→ TASK DIRECTIONS
Only one stretch of the data below is wanted: the lines starting at the one with "x y \<longleftrightarrow>" and ending at the one with "(Pi_pmf V undefined", both included, given again exactly.

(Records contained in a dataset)
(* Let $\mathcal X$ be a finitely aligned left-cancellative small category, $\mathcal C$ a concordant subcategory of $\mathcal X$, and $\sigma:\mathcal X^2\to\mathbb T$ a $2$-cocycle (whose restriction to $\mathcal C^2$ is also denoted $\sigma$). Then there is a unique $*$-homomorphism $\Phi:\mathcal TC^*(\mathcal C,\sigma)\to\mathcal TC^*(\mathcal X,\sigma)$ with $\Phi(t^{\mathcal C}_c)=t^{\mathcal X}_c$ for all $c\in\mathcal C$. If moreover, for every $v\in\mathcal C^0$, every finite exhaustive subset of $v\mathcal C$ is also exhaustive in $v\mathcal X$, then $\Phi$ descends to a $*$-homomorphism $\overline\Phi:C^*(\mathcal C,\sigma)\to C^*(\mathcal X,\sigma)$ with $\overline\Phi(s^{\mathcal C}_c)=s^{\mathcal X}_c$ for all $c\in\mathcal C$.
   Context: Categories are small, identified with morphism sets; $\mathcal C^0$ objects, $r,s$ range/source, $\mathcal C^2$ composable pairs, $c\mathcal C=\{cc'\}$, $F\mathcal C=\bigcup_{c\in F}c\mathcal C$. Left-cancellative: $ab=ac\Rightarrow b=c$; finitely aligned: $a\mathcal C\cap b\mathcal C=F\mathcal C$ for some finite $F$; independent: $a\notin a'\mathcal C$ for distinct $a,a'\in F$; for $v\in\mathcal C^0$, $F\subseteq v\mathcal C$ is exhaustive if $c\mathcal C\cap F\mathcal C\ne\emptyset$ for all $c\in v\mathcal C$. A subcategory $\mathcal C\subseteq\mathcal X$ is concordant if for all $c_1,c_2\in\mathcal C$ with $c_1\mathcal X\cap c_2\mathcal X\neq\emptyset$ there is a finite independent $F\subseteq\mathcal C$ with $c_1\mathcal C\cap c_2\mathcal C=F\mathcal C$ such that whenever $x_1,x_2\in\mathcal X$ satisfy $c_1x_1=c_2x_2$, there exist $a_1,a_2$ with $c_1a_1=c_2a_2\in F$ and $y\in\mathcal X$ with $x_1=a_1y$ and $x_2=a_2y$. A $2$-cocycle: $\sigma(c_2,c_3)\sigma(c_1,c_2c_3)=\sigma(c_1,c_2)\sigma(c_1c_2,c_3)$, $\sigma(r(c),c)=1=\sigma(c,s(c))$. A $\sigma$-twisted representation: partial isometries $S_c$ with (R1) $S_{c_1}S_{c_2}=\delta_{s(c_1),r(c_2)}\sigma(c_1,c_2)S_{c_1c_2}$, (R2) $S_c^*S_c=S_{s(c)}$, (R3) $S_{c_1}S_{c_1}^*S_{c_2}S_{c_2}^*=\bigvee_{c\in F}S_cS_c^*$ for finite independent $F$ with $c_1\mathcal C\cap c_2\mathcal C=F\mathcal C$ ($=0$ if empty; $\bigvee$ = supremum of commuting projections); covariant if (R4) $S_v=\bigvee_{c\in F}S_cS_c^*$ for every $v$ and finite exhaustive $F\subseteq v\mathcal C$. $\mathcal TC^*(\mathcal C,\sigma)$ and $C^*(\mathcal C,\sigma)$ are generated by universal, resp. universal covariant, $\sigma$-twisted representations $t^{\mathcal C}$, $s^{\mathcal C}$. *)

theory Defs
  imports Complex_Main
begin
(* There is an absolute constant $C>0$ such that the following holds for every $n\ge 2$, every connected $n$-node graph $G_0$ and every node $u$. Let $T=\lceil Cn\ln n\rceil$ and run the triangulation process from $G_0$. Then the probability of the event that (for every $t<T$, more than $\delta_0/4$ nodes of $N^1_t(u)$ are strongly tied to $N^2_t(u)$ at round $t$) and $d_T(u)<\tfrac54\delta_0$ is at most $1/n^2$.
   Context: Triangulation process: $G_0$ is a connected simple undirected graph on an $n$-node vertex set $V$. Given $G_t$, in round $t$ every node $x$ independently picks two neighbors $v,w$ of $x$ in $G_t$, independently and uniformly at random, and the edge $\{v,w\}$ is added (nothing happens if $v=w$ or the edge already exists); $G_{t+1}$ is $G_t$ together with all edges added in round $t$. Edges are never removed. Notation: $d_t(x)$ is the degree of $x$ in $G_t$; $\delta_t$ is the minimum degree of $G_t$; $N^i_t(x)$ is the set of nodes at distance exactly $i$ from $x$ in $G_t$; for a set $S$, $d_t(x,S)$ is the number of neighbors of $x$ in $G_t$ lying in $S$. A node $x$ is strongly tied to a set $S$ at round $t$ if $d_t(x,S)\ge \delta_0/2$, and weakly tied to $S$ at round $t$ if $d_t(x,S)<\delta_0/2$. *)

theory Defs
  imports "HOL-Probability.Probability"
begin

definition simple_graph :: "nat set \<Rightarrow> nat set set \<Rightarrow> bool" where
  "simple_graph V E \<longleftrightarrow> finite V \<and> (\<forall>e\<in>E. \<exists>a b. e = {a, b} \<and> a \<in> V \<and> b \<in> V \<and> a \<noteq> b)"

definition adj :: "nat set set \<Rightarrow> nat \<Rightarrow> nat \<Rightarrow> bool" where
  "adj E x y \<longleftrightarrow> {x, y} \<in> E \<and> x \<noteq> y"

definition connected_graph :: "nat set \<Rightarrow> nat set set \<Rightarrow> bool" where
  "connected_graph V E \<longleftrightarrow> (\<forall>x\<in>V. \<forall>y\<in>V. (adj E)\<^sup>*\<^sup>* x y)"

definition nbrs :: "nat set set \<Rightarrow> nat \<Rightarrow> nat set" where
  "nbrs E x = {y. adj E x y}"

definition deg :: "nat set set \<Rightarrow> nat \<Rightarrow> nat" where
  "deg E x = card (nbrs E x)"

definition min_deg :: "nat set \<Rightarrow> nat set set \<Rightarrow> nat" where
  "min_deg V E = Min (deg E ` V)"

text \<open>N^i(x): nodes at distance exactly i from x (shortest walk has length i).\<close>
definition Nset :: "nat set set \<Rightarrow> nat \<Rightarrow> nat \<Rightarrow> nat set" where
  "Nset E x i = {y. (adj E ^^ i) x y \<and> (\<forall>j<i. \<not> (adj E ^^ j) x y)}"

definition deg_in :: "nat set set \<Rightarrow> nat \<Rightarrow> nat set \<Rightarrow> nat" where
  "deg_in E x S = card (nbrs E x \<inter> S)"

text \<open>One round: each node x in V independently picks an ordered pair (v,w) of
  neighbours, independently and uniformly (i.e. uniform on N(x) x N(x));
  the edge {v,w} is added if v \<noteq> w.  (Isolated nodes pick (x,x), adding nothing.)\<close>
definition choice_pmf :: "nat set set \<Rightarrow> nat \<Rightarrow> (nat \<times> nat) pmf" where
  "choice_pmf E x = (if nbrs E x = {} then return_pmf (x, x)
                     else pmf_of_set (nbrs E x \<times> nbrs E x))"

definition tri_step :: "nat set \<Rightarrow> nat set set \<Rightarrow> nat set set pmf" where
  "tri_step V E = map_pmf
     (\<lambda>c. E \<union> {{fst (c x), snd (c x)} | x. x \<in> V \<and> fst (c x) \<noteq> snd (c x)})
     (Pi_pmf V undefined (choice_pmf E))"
...
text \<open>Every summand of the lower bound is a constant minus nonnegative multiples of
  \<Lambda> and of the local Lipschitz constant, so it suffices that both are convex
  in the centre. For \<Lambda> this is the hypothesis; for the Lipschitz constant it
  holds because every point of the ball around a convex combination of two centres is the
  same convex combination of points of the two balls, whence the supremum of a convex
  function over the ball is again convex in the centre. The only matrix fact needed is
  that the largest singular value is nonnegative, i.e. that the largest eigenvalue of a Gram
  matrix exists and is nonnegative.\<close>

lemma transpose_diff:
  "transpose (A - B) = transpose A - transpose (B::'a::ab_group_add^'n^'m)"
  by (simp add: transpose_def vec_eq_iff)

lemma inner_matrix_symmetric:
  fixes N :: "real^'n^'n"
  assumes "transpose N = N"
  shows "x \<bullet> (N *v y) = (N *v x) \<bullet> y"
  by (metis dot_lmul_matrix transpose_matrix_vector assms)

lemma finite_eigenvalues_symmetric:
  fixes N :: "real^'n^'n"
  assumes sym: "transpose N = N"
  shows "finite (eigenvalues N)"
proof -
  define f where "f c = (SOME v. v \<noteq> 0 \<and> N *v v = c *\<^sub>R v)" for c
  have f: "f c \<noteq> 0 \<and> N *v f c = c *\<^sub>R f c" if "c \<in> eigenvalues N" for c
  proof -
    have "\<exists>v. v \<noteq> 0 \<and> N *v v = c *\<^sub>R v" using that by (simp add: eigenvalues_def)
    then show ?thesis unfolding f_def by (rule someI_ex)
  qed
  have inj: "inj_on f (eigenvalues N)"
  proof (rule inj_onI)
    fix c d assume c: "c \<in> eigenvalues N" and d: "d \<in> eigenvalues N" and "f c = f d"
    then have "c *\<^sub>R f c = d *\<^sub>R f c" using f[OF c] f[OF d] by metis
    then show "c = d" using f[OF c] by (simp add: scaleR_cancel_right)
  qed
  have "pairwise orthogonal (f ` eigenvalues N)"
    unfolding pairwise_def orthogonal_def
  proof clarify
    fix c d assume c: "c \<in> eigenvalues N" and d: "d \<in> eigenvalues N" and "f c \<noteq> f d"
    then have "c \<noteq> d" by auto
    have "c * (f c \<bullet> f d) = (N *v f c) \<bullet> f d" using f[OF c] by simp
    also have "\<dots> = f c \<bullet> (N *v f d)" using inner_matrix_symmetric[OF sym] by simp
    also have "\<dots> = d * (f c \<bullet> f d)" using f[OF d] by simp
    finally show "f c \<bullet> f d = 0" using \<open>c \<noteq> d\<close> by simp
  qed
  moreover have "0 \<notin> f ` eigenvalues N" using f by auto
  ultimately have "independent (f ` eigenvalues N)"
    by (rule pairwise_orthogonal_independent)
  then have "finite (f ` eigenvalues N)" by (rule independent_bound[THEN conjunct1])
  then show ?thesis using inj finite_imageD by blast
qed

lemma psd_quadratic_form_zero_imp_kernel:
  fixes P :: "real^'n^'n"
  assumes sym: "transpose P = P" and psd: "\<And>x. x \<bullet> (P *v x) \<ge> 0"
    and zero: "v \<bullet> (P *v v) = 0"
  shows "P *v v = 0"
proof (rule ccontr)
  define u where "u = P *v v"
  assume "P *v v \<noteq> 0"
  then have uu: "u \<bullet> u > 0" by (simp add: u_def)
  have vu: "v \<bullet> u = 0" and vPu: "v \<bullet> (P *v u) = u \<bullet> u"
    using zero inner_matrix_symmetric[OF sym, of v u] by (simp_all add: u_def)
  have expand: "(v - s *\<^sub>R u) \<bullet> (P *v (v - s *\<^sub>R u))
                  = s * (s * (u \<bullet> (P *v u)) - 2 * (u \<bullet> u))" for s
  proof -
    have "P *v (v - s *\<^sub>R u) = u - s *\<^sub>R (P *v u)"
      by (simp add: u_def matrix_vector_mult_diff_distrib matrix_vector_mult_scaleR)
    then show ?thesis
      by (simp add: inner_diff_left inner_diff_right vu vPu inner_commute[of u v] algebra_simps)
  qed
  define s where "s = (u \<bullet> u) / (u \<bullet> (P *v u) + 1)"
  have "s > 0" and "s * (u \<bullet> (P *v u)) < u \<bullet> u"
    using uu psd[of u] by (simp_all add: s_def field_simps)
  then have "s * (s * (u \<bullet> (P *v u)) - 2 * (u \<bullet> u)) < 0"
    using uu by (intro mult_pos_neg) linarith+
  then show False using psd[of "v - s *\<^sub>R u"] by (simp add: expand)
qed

→ PROBLEM SOLUTION
  "adj E x y \<longleftrightarrow> {x, y} \<in> E \<and> x \<noteq> y"

definition connected_graph :: "nat set \<Rightarrow> nat set set \<Rightarrow> bool" where
  "connected_graph V E \<longleftrightarrow> (\<forall>x\<in>V. \<forall>y\<in>V. (adj E)\<^sup>*\<^sup>* x y)"

definition nbrs :: "nat set set \<Rightarrow> nat \<Rightarrow> nat set" where
  "nbrs E x = {y. adj E x y}"

definition deg :: "nat set set \<Rightarrow> nat \<Rightarrow> nat" where
  "deg E x = card (nbrs E x)"

definition min_deg :: "nat set \<Rightarrow> nat set set \<Rightarrow> nat" where
  "min_deg V E = Min (deg E ` V)"

text \<open>N^i(x): nodes at distance exactly i from x (shortest walk has length i).\<close>
definition Nset :: "nat set set \<Rightarrow> nat \<Rightarrow> nat \<Rightarrow> nat set" where
  "Nset E x i = {y. (adj E ^^ i) x y \<and> (\<forall>j<i. \<not> (adj E ^^ j) x y)}"

definition deg_in :: "nat set set \<Rightarrow> nat \<Rightarrow> nat set \<Rightarrow> nat" where
  "deg_in E x S = card (nbrs E x \<inter> S)"

text \<open>One round: each node x in V independently picks an ordered pair (v,w) of
  neighbours, independently and uniformly (i.e. uniform on N(x) x N(x));
  the edge {v,w} is added if v \<noteq> w.  (Isolated nodes pick (x,x), adding nothing.)\<close>
definition choice_pmf :: "nat set set \<Rightarrow> nat \<Rightarrow> (nat \<times> nat) pmf" where
  "choice_pmf E x = (if nbrs E x = {} then return_pmf (x, x)
                     else pmf_of_set (nbrs E x \<times> nbrs E x))"

definition tri_step :: "nat set \<Rightarrow> nat set set \<Rightarrow> nat set set pmf" where
  "tri_step V E = map_pmf
     (\<lambda>c. E \<union> {{fst (c x), snd (c x)} | x. x \<in> V \<and> fst (c x) \<noteq> snd (c x)})
     (Pi_pmf V undefined (choice_pmf E))"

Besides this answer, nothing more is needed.